[Listed records]

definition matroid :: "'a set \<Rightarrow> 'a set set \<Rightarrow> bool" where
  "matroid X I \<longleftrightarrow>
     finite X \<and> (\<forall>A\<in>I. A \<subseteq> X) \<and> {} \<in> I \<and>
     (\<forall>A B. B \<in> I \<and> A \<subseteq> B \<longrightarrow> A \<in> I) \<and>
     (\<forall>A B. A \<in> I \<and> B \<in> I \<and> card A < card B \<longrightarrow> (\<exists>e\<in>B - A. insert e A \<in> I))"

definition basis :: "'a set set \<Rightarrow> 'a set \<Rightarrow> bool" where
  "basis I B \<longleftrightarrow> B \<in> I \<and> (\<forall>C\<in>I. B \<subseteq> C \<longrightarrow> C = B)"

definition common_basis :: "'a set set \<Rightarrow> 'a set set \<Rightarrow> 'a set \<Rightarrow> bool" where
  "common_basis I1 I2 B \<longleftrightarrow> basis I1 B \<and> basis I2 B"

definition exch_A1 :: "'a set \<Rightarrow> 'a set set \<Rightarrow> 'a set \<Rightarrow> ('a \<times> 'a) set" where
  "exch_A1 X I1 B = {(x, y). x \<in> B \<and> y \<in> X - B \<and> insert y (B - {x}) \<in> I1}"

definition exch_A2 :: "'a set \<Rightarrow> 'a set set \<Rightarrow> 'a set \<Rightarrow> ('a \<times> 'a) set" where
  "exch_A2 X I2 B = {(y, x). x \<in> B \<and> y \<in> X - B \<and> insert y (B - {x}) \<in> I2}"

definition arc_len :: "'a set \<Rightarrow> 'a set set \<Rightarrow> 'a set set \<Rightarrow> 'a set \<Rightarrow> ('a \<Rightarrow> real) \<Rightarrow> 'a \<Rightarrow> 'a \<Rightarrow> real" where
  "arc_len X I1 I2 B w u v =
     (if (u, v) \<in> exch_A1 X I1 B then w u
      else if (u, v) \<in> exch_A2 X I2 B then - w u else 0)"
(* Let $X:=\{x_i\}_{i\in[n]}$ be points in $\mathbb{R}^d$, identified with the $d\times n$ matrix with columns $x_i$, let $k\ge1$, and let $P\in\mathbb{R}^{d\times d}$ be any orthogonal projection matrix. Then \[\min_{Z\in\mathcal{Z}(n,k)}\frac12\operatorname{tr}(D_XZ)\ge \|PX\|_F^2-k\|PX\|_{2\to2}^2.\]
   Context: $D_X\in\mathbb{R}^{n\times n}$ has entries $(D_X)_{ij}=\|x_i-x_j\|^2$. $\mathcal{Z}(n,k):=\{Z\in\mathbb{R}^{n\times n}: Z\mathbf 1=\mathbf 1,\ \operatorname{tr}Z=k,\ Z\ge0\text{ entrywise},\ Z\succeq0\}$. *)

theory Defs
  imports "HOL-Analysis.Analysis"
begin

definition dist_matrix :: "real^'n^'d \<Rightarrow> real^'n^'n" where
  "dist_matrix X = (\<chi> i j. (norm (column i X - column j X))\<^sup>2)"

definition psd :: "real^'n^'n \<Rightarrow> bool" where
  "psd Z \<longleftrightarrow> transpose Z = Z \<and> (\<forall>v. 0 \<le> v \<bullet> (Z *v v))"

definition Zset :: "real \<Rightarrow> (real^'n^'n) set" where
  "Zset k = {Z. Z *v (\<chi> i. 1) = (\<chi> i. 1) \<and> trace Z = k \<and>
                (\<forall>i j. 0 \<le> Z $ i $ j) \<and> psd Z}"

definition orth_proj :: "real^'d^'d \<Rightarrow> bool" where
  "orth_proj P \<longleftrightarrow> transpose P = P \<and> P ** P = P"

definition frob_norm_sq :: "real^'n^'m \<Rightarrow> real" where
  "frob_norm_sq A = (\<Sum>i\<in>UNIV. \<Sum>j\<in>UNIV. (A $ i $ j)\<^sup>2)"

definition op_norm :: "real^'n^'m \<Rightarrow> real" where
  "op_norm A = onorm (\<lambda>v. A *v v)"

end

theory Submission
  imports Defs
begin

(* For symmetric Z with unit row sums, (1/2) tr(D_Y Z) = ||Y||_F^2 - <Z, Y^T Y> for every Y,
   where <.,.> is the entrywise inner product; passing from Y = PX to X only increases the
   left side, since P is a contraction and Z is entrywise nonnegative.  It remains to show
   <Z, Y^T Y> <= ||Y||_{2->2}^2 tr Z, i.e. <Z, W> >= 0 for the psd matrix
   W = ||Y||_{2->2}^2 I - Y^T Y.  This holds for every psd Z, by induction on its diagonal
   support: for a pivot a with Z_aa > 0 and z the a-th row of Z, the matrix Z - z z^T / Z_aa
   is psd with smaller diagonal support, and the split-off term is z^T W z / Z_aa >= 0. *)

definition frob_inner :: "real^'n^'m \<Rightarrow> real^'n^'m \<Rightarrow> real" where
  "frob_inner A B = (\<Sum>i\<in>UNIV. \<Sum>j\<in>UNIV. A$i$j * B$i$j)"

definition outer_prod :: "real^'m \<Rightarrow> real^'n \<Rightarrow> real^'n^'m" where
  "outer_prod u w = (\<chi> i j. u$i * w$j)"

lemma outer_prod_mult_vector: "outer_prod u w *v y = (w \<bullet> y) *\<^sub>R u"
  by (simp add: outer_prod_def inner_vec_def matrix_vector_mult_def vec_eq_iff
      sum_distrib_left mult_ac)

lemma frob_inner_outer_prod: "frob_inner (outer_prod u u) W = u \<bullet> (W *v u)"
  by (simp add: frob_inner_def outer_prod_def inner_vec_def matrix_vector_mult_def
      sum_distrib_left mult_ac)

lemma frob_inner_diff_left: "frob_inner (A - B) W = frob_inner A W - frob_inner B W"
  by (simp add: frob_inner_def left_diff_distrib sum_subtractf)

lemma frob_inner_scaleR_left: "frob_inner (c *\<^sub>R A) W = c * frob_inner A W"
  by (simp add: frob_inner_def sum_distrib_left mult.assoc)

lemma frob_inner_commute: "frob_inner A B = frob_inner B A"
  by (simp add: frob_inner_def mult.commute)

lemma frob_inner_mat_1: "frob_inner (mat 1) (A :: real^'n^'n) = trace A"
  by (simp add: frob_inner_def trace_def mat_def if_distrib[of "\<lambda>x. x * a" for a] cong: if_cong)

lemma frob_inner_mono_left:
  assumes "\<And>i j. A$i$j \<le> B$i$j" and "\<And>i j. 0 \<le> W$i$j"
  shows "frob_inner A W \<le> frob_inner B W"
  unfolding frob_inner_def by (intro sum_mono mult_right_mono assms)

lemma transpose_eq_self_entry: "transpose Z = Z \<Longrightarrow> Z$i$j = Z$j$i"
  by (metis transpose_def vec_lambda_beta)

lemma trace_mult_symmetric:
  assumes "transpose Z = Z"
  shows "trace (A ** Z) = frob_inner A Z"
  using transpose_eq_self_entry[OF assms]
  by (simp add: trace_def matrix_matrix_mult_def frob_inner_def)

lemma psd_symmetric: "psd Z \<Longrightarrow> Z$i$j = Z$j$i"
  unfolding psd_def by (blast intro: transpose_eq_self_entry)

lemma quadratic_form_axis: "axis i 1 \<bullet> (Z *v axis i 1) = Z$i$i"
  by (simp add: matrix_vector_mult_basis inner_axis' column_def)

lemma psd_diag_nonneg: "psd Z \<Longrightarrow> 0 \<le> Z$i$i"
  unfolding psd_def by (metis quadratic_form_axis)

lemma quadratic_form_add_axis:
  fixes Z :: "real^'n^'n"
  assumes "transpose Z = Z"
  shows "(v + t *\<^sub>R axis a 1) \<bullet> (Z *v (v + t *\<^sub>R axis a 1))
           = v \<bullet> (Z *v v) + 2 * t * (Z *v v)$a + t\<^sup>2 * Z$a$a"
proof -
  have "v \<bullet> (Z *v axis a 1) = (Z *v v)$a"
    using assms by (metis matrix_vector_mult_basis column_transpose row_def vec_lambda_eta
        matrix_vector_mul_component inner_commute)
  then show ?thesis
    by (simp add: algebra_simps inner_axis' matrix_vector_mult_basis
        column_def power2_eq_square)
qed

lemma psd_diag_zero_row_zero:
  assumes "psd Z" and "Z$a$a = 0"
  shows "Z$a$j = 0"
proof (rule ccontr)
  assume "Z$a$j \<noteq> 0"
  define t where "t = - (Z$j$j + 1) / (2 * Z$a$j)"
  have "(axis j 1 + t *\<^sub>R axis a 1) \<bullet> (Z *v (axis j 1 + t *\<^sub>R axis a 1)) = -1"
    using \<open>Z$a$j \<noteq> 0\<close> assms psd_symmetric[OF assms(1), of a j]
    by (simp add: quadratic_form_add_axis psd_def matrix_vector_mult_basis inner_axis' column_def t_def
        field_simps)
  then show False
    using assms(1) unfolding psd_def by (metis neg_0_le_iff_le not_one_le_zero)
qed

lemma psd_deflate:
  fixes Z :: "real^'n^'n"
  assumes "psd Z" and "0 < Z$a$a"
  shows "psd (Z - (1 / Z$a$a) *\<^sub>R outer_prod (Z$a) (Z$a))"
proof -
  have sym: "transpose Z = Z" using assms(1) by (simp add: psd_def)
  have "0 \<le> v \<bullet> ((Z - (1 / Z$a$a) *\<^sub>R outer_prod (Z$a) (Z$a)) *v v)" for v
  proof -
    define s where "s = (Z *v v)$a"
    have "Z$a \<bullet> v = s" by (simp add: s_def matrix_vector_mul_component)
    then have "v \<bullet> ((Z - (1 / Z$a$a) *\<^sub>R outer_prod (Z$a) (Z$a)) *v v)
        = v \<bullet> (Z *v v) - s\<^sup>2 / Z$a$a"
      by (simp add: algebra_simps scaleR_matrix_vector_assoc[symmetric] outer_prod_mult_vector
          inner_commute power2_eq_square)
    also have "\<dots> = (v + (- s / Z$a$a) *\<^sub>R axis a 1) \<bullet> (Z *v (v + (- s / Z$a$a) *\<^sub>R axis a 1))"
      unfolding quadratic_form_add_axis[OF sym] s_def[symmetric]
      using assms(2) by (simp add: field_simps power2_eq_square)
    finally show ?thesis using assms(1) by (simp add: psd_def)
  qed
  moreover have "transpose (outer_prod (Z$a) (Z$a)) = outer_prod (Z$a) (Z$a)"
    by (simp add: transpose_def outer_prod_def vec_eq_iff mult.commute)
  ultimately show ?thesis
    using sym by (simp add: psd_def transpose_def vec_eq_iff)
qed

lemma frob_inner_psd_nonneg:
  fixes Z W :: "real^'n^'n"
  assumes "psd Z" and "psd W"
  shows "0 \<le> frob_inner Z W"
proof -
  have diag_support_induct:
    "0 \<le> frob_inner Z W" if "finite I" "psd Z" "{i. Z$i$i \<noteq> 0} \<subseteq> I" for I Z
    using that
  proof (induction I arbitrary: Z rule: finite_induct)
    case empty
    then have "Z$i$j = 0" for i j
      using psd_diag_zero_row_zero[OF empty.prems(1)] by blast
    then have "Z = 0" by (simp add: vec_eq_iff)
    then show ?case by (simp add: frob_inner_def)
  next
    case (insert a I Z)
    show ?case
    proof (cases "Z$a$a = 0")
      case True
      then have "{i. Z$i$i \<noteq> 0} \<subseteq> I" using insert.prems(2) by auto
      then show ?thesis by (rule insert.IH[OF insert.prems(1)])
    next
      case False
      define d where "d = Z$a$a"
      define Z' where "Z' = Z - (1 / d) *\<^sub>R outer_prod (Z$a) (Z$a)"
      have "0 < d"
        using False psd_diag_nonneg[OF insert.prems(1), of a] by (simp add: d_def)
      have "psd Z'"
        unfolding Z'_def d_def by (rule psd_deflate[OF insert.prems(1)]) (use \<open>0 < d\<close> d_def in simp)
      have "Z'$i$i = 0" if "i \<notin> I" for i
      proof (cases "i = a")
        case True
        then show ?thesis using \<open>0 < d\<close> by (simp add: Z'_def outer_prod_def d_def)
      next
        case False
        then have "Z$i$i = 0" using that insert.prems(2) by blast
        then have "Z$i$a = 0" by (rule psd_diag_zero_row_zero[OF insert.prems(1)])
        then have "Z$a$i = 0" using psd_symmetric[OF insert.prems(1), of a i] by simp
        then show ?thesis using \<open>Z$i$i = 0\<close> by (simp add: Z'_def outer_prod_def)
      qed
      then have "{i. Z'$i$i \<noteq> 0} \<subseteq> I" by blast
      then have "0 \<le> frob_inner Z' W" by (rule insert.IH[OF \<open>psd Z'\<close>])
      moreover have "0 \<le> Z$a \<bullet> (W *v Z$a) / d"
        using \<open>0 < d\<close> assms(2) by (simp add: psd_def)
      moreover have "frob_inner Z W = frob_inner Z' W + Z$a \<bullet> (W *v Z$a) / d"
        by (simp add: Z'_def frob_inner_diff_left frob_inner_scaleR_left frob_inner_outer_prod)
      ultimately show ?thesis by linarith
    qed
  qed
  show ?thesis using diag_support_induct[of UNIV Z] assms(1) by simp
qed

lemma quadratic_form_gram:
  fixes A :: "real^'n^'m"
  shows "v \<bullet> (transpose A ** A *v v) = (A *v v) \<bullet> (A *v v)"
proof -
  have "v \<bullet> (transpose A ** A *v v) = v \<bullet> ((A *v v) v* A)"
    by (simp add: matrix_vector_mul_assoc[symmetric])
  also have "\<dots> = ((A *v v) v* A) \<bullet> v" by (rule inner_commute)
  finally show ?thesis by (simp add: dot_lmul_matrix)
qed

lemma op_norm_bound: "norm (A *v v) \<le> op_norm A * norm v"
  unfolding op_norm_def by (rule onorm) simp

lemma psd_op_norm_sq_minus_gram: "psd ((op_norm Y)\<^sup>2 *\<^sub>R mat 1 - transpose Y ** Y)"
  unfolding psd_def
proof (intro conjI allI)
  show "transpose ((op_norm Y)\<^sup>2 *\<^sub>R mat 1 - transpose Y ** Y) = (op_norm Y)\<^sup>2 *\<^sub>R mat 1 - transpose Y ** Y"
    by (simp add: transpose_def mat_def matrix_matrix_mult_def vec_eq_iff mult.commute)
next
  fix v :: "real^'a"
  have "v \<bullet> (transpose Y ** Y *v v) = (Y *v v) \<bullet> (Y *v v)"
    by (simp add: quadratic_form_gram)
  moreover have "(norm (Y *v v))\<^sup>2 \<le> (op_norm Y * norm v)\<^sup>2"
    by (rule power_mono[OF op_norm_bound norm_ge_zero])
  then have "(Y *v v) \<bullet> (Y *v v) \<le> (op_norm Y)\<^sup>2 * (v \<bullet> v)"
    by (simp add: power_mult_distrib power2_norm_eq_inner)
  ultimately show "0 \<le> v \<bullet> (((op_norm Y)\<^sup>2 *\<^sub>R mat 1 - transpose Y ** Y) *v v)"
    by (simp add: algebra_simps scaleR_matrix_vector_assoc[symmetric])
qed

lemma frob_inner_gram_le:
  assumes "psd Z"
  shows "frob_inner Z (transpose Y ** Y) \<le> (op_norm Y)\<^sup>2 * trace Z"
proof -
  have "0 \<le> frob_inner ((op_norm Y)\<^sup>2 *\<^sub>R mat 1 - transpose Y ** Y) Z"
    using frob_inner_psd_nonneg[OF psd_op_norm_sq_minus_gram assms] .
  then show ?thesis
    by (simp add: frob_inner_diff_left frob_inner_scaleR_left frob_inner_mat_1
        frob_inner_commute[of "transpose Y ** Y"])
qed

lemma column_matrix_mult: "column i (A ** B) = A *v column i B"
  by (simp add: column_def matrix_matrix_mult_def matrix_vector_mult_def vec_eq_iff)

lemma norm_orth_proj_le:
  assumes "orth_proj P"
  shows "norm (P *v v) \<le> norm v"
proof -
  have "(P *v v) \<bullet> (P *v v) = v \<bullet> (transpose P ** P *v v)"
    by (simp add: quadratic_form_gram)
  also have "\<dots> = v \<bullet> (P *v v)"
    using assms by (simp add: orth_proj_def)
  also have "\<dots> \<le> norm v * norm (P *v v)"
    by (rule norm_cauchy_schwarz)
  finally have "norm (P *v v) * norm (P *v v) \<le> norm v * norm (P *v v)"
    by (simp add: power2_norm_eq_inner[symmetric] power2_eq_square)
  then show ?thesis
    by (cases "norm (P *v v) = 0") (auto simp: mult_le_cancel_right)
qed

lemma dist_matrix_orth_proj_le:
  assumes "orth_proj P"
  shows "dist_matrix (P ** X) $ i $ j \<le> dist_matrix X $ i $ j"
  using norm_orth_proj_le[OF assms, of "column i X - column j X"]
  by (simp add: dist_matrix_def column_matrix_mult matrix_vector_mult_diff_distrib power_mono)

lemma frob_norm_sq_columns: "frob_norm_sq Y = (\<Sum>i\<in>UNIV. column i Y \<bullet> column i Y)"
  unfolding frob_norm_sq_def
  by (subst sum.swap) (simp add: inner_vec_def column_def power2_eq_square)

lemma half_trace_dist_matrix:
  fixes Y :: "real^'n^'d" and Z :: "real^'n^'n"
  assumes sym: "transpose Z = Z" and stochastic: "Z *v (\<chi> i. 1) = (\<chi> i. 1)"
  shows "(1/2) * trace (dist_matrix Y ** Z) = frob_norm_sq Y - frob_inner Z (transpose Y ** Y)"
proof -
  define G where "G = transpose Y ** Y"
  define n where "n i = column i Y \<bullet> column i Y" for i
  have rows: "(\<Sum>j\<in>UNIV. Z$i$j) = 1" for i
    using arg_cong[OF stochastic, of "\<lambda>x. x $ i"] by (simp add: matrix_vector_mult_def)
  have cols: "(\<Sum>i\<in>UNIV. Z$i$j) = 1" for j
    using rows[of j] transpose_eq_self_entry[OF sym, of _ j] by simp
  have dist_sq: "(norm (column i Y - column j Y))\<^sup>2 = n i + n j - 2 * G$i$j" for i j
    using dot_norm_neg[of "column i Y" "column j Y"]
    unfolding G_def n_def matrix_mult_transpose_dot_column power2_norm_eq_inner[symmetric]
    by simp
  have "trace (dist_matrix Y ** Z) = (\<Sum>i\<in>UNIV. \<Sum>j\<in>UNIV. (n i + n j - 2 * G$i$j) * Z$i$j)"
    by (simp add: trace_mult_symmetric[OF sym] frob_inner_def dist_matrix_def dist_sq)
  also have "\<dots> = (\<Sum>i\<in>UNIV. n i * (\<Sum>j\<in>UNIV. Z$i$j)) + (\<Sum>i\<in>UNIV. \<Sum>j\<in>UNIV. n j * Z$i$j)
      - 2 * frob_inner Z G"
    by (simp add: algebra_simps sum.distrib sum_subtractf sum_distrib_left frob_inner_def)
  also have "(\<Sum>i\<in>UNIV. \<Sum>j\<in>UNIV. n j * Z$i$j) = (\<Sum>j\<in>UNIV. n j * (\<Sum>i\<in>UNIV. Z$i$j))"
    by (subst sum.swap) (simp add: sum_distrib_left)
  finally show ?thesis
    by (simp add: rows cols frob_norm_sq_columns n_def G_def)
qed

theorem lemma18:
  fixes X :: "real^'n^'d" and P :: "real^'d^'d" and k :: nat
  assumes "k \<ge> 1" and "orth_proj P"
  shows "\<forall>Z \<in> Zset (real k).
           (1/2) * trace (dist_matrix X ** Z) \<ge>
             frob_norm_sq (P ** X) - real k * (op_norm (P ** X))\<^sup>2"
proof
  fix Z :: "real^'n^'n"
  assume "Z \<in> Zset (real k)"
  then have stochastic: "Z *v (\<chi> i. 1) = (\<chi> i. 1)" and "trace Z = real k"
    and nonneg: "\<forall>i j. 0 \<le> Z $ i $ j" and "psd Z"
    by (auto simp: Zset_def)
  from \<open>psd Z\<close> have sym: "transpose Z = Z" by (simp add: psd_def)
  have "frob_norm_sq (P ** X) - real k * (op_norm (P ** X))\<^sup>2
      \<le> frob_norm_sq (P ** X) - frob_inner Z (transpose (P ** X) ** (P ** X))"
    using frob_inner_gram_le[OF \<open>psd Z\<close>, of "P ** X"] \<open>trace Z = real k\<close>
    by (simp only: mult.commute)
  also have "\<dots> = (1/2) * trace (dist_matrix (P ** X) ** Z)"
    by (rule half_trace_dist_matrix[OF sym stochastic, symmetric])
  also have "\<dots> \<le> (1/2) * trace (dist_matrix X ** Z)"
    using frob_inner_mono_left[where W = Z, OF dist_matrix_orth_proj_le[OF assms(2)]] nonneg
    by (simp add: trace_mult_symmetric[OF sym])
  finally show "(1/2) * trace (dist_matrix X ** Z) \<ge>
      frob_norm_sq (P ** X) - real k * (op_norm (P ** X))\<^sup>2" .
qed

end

[/Listed records]

_Work to be completed_.
The lines holding the word "shows" are the answer. Find them in the entries and copy them.

_Response to the task_.
  shows "frob_inner A W \<le> frob_inner B W"
  shows "trace (A ** Z) = frob_inner A Z"
  shows "(v + t *\<^sub>R axis a 1) \<bullet> (Z *v (v + t *\<^sub>R axis a 1))
  shows "Z$a$j = 0"
  shows "psd (Z - (1 / Z$a$a) *\<^sub>R outer_prod (Z$a) (Z$a))"
  shows "0 \<le> frob_inner Z W"
  shows "v \<bullet> (transpose A ** A *v v) = (A *v v) \<bullet> (A *v v)"
  shows "frob_inner Z (transpose Y ** Y) \<le> (op_norm Y)\<^sup>2 * trace Z"
  shows "norm (P *v v) \<le> norm v"
  shows "dist_matrix (P ** X) $ i $ j \<le> dist_matrix X $ i $ j"
  shows "(1/2) * trace (dist_matrix Y ** Z) = frob_norm_sq Y - frob_inner Z (transpose Y ** Y)"
  shows "\<forall>Z \<in> Zset (real k).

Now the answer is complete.